Provided material =

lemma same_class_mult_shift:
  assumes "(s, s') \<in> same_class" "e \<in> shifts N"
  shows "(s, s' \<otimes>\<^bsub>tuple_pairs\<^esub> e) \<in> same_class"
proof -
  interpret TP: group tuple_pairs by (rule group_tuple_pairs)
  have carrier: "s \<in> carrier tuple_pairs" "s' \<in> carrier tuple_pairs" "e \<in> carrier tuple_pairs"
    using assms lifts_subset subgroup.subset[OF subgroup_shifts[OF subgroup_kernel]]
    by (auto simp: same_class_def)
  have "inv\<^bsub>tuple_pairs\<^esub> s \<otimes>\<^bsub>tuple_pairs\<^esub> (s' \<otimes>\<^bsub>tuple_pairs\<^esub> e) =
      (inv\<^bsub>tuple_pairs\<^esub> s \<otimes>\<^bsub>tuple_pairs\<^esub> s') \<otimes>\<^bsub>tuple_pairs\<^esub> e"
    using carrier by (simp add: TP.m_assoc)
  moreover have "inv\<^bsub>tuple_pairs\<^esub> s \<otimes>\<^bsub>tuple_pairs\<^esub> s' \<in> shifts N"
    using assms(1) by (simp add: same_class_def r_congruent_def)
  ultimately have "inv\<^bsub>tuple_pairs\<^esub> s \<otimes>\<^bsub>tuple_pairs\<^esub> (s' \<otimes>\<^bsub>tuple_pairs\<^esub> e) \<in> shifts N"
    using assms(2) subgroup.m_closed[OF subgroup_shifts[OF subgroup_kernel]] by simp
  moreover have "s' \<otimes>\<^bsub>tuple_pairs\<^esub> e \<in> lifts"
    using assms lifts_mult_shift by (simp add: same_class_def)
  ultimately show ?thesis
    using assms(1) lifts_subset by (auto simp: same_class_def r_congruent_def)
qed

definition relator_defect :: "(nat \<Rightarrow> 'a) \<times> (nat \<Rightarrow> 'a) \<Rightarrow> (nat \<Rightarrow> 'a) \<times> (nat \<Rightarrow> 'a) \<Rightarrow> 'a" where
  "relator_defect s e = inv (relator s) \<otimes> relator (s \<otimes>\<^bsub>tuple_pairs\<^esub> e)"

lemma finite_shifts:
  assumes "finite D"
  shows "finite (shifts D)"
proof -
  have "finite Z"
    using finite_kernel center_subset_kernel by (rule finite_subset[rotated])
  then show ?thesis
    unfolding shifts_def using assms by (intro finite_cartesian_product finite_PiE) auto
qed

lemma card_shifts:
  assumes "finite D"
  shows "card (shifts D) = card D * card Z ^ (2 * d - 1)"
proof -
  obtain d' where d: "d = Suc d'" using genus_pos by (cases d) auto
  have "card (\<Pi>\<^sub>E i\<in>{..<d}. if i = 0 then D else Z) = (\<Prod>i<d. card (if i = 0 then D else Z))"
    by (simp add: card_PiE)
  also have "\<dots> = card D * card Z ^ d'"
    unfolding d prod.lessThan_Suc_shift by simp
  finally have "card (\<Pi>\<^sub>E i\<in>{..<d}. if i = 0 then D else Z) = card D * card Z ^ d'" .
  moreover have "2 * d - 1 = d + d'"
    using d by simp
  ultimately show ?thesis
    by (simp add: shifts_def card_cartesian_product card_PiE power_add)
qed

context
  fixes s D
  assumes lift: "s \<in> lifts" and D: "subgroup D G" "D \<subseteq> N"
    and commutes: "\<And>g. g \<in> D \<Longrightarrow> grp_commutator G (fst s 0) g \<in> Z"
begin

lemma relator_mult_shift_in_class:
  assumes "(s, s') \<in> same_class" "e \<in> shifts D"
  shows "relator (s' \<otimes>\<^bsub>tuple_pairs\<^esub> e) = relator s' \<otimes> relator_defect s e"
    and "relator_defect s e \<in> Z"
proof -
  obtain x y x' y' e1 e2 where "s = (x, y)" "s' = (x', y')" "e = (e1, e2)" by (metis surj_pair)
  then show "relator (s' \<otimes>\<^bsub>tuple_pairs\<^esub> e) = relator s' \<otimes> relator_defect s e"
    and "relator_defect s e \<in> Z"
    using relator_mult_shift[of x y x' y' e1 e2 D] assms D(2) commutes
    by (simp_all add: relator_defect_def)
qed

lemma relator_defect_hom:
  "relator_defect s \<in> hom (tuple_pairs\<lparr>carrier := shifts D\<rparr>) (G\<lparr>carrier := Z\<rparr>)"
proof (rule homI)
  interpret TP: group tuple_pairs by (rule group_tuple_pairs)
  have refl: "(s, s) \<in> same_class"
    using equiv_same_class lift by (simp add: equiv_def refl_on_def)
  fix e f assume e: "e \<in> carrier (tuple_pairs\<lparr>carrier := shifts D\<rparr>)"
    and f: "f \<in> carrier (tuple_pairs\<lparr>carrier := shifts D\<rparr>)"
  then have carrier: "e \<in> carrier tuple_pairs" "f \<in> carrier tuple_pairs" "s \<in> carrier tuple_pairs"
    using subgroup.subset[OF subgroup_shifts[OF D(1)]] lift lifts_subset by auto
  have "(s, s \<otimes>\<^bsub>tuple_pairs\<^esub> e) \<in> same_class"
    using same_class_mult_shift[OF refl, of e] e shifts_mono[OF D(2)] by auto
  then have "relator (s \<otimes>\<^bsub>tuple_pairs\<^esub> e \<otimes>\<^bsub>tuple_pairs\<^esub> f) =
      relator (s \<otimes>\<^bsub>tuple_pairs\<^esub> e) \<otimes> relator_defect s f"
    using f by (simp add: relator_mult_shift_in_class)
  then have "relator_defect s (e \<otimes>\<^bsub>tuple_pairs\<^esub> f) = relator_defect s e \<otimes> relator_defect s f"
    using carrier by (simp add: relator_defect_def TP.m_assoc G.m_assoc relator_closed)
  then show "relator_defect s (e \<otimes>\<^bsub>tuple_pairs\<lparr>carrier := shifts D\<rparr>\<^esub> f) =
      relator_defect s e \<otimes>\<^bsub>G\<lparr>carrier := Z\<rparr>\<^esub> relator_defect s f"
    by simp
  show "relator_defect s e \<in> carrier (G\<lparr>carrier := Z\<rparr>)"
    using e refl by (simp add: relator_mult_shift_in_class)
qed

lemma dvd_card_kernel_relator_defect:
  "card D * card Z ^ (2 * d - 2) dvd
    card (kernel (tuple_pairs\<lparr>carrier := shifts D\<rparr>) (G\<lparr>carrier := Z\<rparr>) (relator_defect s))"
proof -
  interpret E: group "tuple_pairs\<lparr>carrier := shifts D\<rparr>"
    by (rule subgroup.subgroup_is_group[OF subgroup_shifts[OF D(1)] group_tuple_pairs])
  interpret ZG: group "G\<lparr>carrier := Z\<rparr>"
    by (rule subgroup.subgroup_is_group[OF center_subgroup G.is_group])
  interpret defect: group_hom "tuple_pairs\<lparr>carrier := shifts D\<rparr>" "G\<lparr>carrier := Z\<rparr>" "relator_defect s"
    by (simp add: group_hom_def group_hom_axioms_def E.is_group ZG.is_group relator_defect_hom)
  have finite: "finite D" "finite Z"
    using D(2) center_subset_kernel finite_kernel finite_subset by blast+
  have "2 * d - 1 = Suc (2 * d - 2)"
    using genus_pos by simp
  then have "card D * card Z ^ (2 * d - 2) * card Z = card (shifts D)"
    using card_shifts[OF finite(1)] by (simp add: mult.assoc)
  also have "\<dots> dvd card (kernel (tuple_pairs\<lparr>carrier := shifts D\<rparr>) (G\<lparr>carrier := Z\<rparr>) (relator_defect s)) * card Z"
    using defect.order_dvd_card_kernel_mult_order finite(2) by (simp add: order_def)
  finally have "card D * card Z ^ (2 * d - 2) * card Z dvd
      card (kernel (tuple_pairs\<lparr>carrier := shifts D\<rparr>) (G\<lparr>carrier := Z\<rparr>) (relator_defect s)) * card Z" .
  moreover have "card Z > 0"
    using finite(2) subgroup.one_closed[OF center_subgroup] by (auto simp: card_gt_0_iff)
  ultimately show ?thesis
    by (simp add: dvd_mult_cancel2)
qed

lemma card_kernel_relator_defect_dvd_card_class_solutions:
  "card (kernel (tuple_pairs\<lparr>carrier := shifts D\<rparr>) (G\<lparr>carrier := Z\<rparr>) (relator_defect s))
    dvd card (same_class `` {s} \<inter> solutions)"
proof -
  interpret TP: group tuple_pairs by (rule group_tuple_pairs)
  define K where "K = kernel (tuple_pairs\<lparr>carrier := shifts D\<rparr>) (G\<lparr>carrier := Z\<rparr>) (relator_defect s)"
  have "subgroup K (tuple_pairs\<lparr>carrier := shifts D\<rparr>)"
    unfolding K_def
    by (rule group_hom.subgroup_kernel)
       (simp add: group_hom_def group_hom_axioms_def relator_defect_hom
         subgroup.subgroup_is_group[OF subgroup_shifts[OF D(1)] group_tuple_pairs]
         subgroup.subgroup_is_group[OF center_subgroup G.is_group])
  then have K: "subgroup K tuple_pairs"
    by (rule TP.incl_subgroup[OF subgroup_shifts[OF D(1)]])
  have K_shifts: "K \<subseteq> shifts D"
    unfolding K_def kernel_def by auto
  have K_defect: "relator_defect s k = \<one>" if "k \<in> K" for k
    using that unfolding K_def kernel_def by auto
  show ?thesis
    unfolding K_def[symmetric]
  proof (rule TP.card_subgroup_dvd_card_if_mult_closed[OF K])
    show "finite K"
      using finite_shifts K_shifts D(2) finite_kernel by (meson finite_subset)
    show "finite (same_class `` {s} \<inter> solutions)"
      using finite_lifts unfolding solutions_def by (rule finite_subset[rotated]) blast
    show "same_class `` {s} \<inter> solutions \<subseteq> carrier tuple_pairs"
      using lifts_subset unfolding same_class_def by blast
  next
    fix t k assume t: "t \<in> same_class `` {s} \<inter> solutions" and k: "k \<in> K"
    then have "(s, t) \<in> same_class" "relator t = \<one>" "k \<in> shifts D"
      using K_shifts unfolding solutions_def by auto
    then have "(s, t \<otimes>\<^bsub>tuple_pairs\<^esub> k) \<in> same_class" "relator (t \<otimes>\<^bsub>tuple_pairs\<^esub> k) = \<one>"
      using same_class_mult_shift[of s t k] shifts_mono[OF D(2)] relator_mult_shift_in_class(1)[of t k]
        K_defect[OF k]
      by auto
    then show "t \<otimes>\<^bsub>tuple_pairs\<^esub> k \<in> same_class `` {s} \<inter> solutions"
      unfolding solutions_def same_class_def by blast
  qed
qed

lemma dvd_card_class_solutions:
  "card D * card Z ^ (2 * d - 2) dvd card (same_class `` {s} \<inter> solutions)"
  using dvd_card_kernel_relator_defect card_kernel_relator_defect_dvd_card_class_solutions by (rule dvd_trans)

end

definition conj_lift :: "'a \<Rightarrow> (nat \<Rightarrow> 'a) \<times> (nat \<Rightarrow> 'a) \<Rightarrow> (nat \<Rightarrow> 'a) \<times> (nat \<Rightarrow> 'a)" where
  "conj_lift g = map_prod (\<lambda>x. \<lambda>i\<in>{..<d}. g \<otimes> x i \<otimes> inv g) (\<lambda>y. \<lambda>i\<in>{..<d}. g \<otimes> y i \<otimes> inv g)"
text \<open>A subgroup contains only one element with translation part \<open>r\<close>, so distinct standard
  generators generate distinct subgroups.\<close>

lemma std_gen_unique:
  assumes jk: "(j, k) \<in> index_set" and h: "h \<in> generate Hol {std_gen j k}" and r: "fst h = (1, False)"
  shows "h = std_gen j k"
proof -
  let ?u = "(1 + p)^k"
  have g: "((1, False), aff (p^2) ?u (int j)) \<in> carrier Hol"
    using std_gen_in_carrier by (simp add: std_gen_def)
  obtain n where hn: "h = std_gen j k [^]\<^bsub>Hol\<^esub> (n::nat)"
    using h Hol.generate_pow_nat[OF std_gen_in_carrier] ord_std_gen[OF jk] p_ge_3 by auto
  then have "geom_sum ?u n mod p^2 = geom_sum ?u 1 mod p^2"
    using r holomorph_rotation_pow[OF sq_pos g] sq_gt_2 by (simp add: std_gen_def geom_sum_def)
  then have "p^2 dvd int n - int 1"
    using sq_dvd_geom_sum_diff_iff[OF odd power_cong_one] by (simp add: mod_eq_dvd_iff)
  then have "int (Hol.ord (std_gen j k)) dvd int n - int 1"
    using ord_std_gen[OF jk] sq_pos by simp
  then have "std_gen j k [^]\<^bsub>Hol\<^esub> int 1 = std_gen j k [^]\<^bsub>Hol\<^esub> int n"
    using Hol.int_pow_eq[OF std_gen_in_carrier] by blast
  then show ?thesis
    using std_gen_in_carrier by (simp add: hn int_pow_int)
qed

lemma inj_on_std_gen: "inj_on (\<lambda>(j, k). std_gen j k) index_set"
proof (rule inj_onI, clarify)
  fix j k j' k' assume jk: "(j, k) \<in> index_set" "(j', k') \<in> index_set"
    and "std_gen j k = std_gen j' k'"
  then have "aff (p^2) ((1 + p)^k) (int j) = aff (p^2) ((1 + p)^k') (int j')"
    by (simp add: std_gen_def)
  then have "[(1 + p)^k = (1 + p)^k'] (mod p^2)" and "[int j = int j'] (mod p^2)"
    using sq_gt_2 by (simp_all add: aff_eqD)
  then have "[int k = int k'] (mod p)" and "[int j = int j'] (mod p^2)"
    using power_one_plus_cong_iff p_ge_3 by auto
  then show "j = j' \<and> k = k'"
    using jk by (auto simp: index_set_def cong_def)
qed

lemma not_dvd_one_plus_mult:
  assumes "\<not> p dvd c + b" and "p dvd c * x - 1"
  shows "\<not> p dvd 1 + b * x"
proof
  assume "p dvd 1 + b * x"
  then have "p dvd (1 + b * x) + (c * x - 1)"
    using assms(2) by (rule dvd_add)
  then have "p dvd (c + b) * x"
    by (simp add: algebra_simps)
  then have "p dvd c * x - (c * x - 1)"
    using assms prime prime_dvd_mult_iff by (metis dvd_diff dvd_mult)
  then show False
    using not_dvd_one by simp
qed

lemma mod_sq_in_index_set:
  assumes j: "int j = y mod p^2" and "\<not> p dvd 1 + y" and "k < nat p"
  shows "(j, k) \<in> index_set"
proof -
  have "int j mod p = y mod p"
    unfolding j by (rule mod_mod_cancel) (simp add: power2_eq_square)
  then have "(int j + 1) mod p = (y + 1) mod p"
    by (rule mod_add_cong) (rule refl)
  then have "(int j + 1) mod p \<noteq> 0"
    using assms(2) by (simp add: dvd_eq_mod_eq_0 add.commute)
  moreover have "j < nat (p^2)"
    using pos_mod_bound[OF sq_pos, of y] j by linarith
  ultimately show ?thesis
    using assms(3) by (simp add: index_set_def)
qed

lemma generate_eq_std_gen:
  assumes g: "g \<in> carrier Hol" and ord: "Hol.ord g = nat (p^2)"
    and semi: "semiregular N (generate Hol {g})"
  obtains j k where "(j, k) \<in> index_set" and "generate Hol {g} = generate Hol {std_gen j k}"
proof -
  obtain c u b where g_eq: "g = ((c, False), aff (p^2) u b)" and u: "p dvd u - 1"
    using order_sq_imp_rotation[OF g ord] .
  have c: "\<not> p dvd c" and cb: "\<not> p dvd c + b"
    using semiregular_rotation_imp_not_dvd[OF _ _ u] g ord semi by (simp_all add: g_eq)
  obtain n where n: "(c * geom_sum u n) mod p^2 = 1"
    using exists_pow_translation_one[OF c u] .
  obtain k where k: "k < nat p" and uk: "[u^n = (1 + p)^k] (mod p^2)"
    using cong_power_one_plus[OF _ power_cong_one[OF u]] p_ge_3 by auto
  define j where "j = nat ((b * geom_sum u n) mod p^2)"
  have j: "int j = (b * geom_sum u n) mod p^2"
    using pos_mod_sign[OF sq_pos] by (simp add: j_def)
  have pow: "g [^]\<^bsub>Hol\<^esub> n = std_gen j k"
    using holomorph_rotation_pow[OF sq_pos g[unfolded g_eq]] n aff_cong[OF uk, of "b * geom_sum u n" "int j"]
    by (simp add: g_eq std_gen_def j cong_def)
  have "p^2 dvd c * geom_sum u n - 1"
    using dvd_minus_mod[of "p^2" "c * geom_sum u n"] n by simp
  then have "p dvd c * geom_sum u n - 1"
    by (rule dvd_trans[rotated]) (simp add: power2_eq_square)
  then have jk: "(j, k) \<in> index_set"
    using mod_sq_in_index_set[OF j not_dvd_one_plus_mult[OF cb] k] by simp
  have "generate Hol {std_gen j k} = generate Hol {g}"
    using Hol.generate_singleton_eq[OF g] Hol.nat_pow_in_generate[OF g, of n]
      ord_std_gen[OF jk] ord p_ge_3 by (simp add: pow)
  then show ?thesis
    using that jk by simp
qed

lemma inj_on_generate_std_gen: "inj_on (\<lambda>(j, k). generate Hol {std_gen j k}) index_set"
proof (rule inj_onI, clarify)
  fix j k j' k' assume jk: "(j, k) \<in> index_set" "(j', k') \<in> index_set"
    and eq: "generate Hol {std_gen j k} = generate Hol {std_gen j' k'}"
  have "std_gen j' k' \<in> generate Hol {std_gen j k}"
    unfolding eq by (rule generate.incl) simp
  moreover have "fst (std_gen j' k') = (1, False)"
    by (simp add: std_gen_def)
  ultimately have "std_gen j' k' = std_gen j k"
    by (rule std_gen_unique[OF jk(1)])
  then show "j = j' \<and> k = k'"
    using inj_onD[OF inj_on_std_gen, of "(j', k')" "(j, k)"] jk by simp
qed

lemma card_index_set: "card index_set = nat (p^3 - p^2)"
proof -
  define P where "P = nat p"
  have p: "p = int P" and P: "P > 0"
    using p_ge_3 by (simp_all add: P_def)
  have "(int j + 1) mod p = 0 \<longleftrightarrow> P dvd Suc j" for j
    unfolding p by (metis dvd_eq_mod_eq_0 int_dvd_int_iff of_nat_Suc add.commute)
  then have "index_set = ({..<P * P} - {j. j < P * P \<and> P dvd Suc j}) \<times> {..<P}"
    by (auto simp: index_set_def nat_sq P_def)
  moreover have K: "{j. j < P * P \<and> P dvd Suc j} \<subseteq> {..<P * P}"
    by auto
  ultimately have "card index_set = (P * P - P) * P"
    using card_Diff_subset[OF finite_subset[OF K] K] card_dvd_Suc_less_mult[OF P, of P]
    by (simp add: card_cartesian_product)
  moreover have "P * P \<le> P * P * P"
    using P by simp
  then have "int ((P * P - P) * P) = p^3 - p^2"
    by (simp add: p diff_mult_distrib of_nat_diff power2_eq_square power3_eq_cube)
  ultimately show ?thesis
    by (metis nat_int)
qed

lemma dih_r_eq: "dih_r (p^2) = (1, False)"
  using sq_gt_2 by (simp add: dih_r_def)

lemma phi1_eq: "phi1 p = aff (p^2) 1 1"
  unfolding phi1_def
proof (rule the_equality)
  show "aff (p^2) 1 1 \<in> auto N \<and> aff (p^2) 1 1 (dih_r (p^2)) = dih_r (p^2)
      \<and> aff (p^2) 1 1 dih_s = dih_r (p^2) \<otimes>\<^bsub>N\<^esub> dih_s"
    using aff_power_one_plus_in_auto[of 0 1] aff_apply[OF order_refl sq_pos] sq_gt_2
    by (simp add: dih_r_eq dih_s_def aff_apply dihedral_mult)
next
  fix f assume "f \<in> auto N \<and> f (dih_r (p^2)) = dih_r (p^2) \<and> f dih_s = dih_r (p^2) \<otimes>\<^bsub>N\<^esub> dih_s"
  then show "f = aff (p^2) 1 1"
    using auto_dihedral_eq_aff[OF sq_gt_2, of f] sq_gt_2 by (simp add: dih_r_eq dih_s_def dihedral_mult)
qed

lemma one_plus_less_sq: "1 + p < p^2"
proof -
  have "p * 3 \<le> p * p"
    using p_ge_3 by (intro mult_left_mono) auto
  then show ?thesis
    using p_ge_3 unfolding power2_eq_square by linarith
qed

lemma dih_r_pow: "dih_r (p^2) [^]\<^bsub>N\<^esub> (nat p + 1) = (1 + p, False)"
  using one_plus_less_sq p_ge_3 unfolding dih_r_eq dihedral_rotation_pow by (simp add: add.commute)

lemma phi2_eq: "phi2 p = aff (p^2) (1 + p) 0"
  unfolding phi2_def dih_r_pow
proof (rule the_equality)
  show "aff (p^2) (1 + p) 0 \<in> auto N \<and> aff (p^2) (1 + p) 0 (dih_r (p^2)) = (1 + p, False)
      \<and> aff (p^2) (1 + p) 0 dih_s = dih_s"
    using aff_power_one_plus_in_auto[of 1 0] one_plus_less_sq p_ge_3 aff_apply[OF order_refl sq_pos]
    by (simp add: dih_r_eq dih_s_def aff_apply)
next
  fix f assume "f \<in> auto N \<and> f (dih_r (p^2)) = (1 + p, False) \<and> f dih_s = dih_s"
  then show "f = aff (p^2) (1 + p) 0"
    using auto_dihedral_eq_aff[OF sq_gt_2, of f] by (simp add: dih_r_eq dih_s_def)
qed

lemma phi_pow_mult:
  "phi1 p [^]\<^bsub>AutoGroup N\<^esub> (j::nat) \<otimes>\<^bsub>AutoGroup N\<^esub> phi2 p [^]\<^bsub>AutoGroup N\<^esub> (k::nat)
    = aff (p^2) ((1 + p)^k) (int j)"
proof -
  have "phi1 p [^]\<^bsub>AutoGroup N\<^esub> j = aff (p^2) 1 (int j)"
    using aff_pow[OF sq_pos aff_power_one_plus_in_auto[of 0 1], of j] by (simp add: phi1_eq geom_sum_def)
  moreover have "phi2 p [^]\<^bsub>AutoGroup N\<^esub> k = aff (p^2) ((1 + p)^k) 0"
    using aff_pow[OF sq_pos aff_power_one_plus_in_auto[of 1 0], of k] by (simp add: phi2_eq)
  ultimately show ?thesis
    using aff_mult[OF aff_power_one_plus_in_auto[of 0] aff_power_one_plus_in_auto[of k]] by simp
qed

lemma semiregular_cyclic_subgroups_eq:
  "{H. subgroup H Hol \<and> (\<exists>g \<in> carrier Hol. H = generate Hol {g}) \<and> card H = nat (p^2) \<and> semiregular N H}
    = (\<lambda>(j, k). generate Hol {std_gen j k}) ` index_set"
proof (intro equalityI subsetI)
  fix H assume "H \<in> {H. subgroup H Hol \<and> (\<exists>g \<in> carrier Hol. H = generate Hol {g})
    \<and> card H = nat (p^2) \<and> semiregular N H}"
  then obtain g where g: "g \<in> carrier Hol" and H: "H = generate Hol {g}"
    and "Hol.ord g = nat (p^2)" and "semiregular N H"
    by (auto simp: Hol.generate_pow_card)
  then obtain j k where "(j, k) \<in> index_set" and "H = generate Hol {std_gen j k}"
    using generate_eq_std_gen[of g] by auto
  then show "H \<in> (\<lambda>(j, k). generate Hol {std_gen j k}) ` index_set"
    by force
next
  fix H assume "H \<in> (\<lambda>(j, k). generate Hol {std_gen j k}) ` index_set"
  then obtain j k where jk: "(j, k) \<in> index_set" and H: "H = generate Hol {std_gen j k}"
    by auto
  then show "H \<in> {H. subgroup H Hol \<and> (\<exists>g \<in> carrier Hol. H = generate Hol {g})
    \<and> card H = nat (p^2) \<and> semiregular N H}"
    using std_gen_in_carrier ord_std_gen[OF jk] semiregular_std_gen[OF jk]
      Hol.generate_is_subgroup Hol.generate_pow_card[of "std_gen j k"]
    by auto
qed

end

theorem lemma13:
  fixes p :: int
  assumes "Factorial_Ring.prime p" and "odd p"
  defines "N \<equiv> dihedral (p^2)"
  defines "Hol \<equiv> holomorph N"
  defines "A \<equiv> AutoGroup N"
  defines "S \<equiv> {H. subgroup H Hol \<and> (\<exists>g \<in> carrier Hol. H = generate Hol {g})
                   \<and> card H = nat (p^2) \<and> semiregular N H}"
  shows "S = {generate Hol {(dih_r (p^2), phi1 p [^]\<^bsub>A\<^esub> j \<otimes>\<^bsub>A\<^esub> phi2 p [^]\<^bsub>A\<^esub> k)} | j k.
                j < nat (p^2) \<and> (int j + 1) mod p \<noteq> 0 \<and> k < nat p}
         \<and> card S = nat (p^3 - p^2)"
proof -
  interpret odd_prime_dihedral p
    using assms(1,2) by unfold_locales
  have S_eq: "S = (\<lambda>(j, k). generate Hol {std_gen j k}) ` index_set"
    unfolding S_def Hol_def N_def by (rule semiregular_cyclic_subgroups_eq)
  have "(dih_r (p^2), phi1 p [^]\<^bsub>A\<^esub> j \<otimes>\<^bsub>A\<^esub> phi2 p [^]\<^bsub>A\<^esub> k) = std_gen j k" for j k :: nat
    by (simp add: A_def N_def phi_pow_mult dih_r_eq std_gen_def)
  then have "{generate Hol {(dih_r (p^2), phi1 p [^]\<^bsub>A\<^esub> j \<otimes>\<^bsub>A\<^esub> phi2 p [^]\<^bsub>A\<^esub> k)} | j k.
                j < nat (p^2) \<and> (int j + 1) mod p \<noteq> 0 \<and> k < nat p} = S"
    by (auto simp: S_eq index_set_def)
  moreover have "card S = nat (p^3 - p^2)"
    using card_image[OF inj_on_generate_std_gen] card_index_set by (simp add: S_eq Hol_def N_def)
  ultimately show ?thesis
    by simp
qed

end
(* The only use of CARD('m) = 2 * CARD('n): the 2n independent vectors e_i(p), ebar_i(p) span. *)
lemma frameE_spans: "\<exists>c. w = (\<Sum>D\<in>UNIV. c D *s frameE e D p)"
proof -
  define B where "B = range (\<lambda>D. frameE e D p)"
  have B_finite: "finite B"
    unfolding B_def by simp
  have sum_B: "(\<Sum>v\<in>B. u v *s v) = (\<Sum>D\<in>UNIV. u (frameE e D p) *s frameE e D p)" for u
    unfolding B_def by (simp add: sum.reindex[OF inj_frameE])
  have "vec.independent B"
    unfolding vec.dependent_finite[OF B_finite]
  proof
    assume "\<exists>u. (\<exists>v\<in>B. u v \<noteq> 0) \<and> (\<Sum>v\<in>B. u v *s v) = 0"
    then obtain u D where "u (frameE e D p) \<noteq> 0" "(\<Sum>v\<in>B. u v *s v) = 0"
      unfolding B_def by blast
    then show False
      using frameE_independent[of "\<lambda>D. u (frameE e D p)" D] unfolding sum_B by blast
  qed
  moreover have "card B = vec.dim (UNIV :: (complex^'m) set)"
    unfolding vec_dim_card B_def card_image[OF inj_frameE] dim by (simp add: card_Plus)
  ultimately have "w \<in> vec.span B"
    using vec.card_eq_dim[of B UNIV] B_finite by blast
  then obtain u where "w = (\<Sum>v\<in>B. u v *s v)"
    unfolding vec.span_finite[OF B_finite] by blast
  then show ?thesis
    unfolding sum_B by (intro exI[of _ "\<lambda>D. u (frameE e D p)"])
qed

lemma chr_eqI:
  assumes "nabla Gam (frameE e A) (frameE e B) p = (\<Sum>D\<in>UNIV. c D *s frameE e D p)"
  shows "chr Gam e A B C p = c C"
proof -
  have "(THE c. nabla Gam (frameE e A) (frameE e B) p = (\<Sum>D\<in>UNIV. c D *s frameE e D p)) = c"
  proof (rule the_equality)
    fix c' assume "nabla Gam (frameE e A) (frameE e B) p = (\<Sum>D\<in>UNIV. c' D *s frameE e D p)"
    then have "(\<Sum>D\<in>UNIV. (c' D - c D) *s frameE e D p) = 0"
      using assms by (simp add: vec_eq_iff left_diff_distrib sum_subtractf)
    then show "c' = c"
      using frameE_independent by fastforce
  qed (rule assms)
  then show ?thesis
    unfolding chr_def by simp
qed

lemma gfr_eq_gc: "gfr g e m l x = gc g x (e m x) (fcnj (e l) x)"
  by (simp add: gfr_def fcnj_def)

Directions for this task = Only an exact copy of the lines from the beginning of the listing through the line with "using assms(2) subgroup.m_closed[OF", both included, belongs in the answer.

Answer for the task =
lemma same_class_mult_shift:
  assumes "(s, s') \<in> same_class" "e \<in> shifts N"
  shows "(s, s' \<otimes>\<^bsub>tuple_pairs\<^esub> e) \<in> same_class"
proof -
  interpret TP: group tuple_pairs by (rule group_tuple_pairs)
  have carrier: "s \<in> carrier tuple_pairs" "s' \<in> carrier tuple_pairs" "e \<in> carrier tuple_pairs"
    using assms lifts_subset subgroup.subset[OF subgroup_shifts[OF subgroup_kernel]]
    by (auto simp: same_class_def)
  have "inv\<^bsub>tuple_pairs\<^esub> s \<otimes>\<^bsub>tuple_pairs\<^esub> (s' \<otimes>\<^bsub>tuple_pairs\<^esub> e) =
      (inv\<^bsub>tuple_pairs\<^esub> s \<otimes>\<^bsub>tuple_pairs\<^esub> s') \<otimes>\<^bsub>tuple_pairs\<^esub> e"
    using carrier by (simp add: TP.m_assoc)
  moreover have "inv\<^bsub>tuple_pairs\<^esub> s \<otimes>\<^bsub>tuple_pairs\<^esub> s' \<in> shifts N"
    using assms(1) by (simp add: same_class_def r_congruent_def)
  ultimately have "inv\<^bsub>tuple_pairs\<^esub> s \<otimes>\<^bsub>tuple_pairs\<^esub> (s' \<otimes>\<^bsub>tuple_pairs\<^esub> e) \<in> shifts N"
    using assms(2) subgroup.m_closed[OF subgroup_shifts[OF subgroup_kernel]] by simp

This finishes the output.